(* Let $\beta_0>0$ and let $(X_{k,j})_{k\in\mathbb{N},\,j\in\{1,\dots,2^k\}}$ be real random variables such that: (i) $\mathbb{E}[\exp(\beta_0|X_{0,1}|)]<\infty$ and $\mathbb{E}[X_{0,1}]=0$; (ii) for all $k,j$, $X_{k,j}$ has the same distribution as $2^{-k}X_{0,1}$; (iii) for each fixed $k$, the variables $(X_{k,j})_{1\le j\le2^k}$ are independent. Then $\sum_{k=0}^n\sum_{j=1}^{2^k}X_{k,j}$ converges almost surely as $n\to\infty$, and its limit $X$ satisfies $\mathbb{E}[\exp(\beta X)]<\infty$ for every $\beta$ with $|\beta|<\beta_0/2$. *)

theory Defs
  imports "HOL-Probability.Probability"
begin

end

theory Submission
  imports Defs
begin

text \<open>
  Let S_k be the sum of level k. Its 2^k summands are independent copies of Y/2^k with
  Y = X_{0,1}, so a second order Taylor bound for the centred variable Y gives the
  sub-Gaussian estimate E exp(t S_k) \<le> exp(C t^2 / 2^k) for |t| \<le> \<rho> 2^k, for every \<rho> < \<beta>0.
  With t = \<plusminus>\<rho> this yields E S_k^2 = O(2^-k), hence \<Sum> E|S_k| < \<infinity> and almost sure convergence.
  For the exponential moment write \<beta> \<Sum>_{k\<le>n} S_k = \<Sum> w_k (\<beta>/w_k) S_k with \<Sum> w_k \<le> 1: convexity
  of exp bounds E exp(\<beta> \<Sum>_{k\<le>n} S_k) uniformly in n as soon as |\<beta>|/w_k \<le> \<rho> 2^k and
  \<beta>^2/(2^k w_k^2) stays bounded, and such weights exist for 2|\<beta>| < \<rho>. Fatou's lemma passes to
  the limit. No independence between different levels is needed.
\<close>

lemma exp_le_quadratic_taylor: "exp (x::real) \<le> 1 + x + x\<^sup>2 / 2 * exp \<bar>x\<bar>"
proof -
  obtain t where t: "\<bar>t\<bar> \<le> \<bar>x\<bar>" "exp x = (\<Sum>m<2. x^m / fact m) + exp t / fact 2 * x\<^sup>2"
    using Maclaurin_exp_le[of x 2] by blast
  have "exp t / 2 * x\<^sup>2 \<le> exp \<bar>x\<bar> / 2 * x\<^sup>2"
    using t(1) by (intro mult_right_mono) auto
  thus ?thesis using t(2) by (simp add: numeral_2_eq_2 mult_ac)
qed

lemma two_plus_square_le_exp_plus_exp_minus: "2 + (x::real)\<^sup>2 \<le> exp x + exp (-x)"
proof -
  have cubic: "1 + y + y\<^sup>2/2 + y^3/6 \<le> exp y" for y :: real
  proof -
    obtain t where "exp y = (\<Sum>m<4. y^m / fact m) + exp t / fact 4 * y^4"
      using Maclaurin_exp_le[of y 4] by blast
    moreover have "0 \<le> exp t / fact 4 * y^4" by simp
    ultimately show ?thesis by (simp add: eval_nat_numeral)
  qed
  from cubic[of x] cubic[of "-x"] show ?thesis by (simp add: power2_eq_square power3_eq_cube)
qed

lemma square_le_exp_abs: "(x::real)\<^sup>2 \<le> exp \<bar>x\<bar>"
proof -
  have "exp (-\<bar>x\<bar>) \<le> 1" by simp
  thus ?thesis using two_plus_square_le_exp_plus_exp_minus[of "\<bar>x\<bar>"] by (simp del: exp_le_one_iff)
qed

lemma exp_minus_one_le_mult_exp: "0 \<le> (a::real) \<Longrightarrow> exp a - 1 \<le> a * exp a"
  using exp_ge_add_one_self[of "-a"] mult_right_mono[of "1 - a" "exp (-a)" "exp a"]
  by (simp add: exp_minus field_simps)

lemma exp_weighted_sum_le:
  fixes w z :: "nat \<Rightarrow> real"
  assumes "\<And>k. k \<le> n \<Longrightarrow> 0 \<le> w k" "(\<Sum>k\<le>n. w k) \<le> 1"
  shows "exp (\<Sum>k\<le>n. w k * z k) \<le> (\<Sum>k\<le>n. w k * exp (z k)) + (1 - (\<Sum>k\<le>n. w k))"
proof -
  \<comment> \<open>Jensen's inequality for exp, with the missing weight put on the point 0.\<close>
  define a where "a k = (if k \<le> n then w k else 1 - (\<Sum>k\<le>n. w k))" for k
  define y where "y k = (if k \<le> n then z k else 0)" for k
  have "(\<Sum>k\<le>n. a k) = (\<Sum>k\<le>n. w k)" "(\<Sum>k\<le>n. a k * y k) = (\<Sum>k\<le>n. w k * z k)"
    "(\<Sum>k\<le>n. a k * exp (y k)) = (\<Sum>k\<le>n. w k * exp (z k))"
    by (auto simp: a_def y_def intro!: sum.cong)
  moreover have "exp (\<Sum>k\<le>Suc n. a k *\<^sub>R y k) \<le> (\<Sum>k\<le>Suc n. a k * exp (y k))"
    using assms by (intro convex_on_sum[OF _ _ exp_convex]) (auto simp: a_def)
  ultimately show ?thesis by (simp add: a_def y_def)
qed

lemma dyadic_weights_exist:
  fixes b \<rho> :: real
  assumes "0 \<le> b" "2 * b < \<rho>"
  obtains c :: real and w :: "nat \<Rightarrow> real" where "0 < c" "\<And>k. 0 < w k" "\<And>n. (\<Sum>k\<le>n. w k) \<le> 1"
    "\<And>k. b \<le> \<rho> * 2^k * w k" "\<And>k. c\<^sup>2 \<le> 2^k * (w k)\<^sup>2"
proof -
  \<comment> \<open>The first summand of w keeps b / w k below \<rho> * 2^k, the second keeps 2^k * (w k)^2 away from 0.\<close>
  define c where "c = (1 - 2 * b / \<rho>) / 4"
  define w :: "nat \<Rightarrow> real" where "w k = b / \<rho> * (1/2)^k + c * (3/4)^k" for k
  have \<rho>: "0 < \<rho>" using assms by linarith
  have c: "0 < c" using assms \<rho> by (simp add: c_def field_simps)
  have w_ge: "c * (3/4)^k \<le> w k" for k
  proof -
    have "0 \<le> b / \<rho> * (1/2)^k" using assms \<rho> by simp
    thus ?thesis unfolding w_def by linarith
  qed
  show ?thesis
  proof (rule that[of c w])
    show "0 < c" by (rule c)
    show "0 < w k" for k
    proof -
      have "0 < c * (3/4)^k" using c by simp
      thus ?thesis using w_ge[of k] by linarith
    qed
    show "(\<Sum>k\<le>n. w k) \<le> 1" for n
    proof -
      have geom: "(\<Sum>k\<le>n. q^k) \<le> 1 / (1 - q)" if "0 \<le> q" "q < 1" for q :: real
        using sum_le_suminf[OF summable_geometric[of q], of "{..n}"] suminf_geometric[of q] that by auto
      have "(\<Sum>k\<le>n. w k) = b / \<rho> * (\<Sum>k\<le>n. (1/2)^k) + c * (\<Sum>k\<le>n. (3/4)^k)"
        by (simp add: w_def sum.distrib sum_distrib_left)
      also have "\<dots> \<le> b / \<rho> * 2 + c * 4"
        using geom[of "1/2"] geom[of "3/4"] assms \<rho> c by (intro add_mono mult_left_mono) auto
      also have "\<dots> = 1" using \<rho> by (simp add: c_def field_simps)
      finally show ?thesis .
    qed
    show "b \<le> \<rho> * 2^k * w k" for k
    proof -
      have "b = \<rho> * 2^k * (b / \<rho> * (1/2)^k)" using \<rho> by (simp add: power_one_over)
      also have "\<dots> \<le> \<rho> * 2^k * w k"
        using \<rho> c by (intro mult_left_mono) (auto simp: w_def)
      finally show ?thesis .
    qed
    show "c\<^sup>2 \<le> 2^k * (w k)\<^sup>2" for k
    proof -
      have "(2::real)^k * ((3/4)^k)\<^sup>2 = (2 * (3/4)\<^sup>2)^k"
        by (metis power_mult power_mult_distrib mult.commute)
      hence "c\<^sup>2 * (9/8)^k = 2^k * (c * (3/4)^k)\<^sup>2"
        by (simp add: power2_eq_square power_mult_distrib)
      moreover have "c\<^sup>2 * 1 \<le> c\<^sup>2 * (9/8)^k" by (intro mult_left_mono one_le_power) auto
      moreover have "2^k * (c * (3/4)^k)\<^sup>2 \<le> 2^k * (w k)\<^sup>2"
        using w_ge[of k] c by (intro mult_left_mono power_mono) auto
      ultimately show ?thesis by linarith
    qed
  qed
qed

lemma integral_le_of_nn_integral_le:
  fixes f :: "'a \<Rightarrow> real"
  assumes "f \<in> borel_measurable M" "\<And>x. 0 \<le> f x" "(\<integral>\<^sup>+x. f x \<partial>M) \<le> ennreal b" "0 \<le> b"
  shows "integrable M f" "integral\<^sup>L M f \<le> b"
proof -
  show f: "integrable M f"
    using assms by (intro integrableI_nonneg) (auto intro: le_less_trans[OF _ ennreal_less_top])
  have "ennreal (integral\<^sup>L M f) \<le> ennreal b"
    using assms f by (subst nn_integral_eq_integral[symmetric]) auto
  thus "integral\<^sup>L M f \<le> b" using assms(4) by simp
qed

lemma AE_summable_of_nn_integral_abs_le:
  fixes S :: "nat \<Rightarrow> 'a \<Rightarrow> real"
  assumes S: "\<And>k. S k \<in> borel_measurable M"
    and b: "\<And>k. (\<integral>\<^sup>+\<omega>. \<bar>S k \<omega>\<bar> \<partial>M) \<le> ennreal (b k)" "\<And>k. 0 \<le> b k" "summable b"
  shows "AE \<omega> in M. summable (\<lambda>k. S k \<omega>)"
proof -
  have "(\<integral>\<^sup>+\<omega>. (\<Sum>k. ennreal \<bar>S k \<omega>\<bar>) \<partial>M) = (\<Sum>k. \<integral>\<^sup>+\<omega>. \<bar>S k \<omega>\<bar> \<partial>M)"
    using S by (intro nn_integral_suminf) auto
  also have "\<dots> \<le> (\<Sum>k. ennreal (b k))"
    using b(1) by (intro suminf_le) auto
  also have "\<dots> = ennreal (\<Sum>k. b k)"
    using b(2,3) by (rule suminf_ennreal2)
  finally have "(\<integral>\<^sup>+\<omega>. (\<Sum>k. ennreal \<bar>S k \<omega>\<bar>) \<partial>M) \<noteq> \<infinity>"
    using ennreal_less_top by (metis infinity_ennreal_def leD)
  hence "AE \<omega> in M. (\<Sum>k. ennreal \<bar>S k \<omega>\<bar>) \<noteq> \<infinity>"
    using S by (intro nn_integral_noteq_infinite) auto
  thus ?thesis
  proof eventually_elim
    fix \<omega> assume "(\<Sum>k. ennreal \<bar>S k \<omega>\<bar>) \<noteq> \<infinity>"
    hence "summable (\<lambda>k. \<bar>S k \<omega>\<bar>)" by (intro summable_suminf_not_top) auto
    thus "summable (\<lambda>k. S k \<omega>)" by (rule summable_rabs_cancel)
  qed
qed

──────────────────────────────

To do:
From the data above, output exactly the lines between the one containing "thus ?thesis unfolding w_def by linarith" and the one containing "b / \<rho> * 2", counting both of them.

Problem solution:
    thus ?thesis unfolding w_def by linarith
  qed
  show ?thesis
  proof (rule that[of c w])
    show "0 < c" by (rule c)
    show "0 < w k" for k
    proof -
      have "0 < c * (3/4)^k" using c by simp
      thus ?thesis using w_ge[of k] by linarith
    qed
    show "(\<Sum>k\<le>n. w k) \<le> 1" for n
    proof -
      have geom: "(\<Sum>k\<le>n. q^k) \<le> 1 / (1 - q)" if "0 \<le> q" "q < 1" for q :: real
        using sum_le_suminf[OF summable_geometric[of q], of "{..n}"] suminf_geometric[of q] that by auto
      have "(\<Sum>k\<le>n. w k) = b / \<rho> * (\<Sum>k\<le>n. (1/2)^k) + c * (\<Sum>k\<le>n. (3/4)^k)"
        by (simp add: w_def sum.distrib sum_distrib_left)
      also have "\<dots> \<le> b / \<rho> * 2 + c * 4"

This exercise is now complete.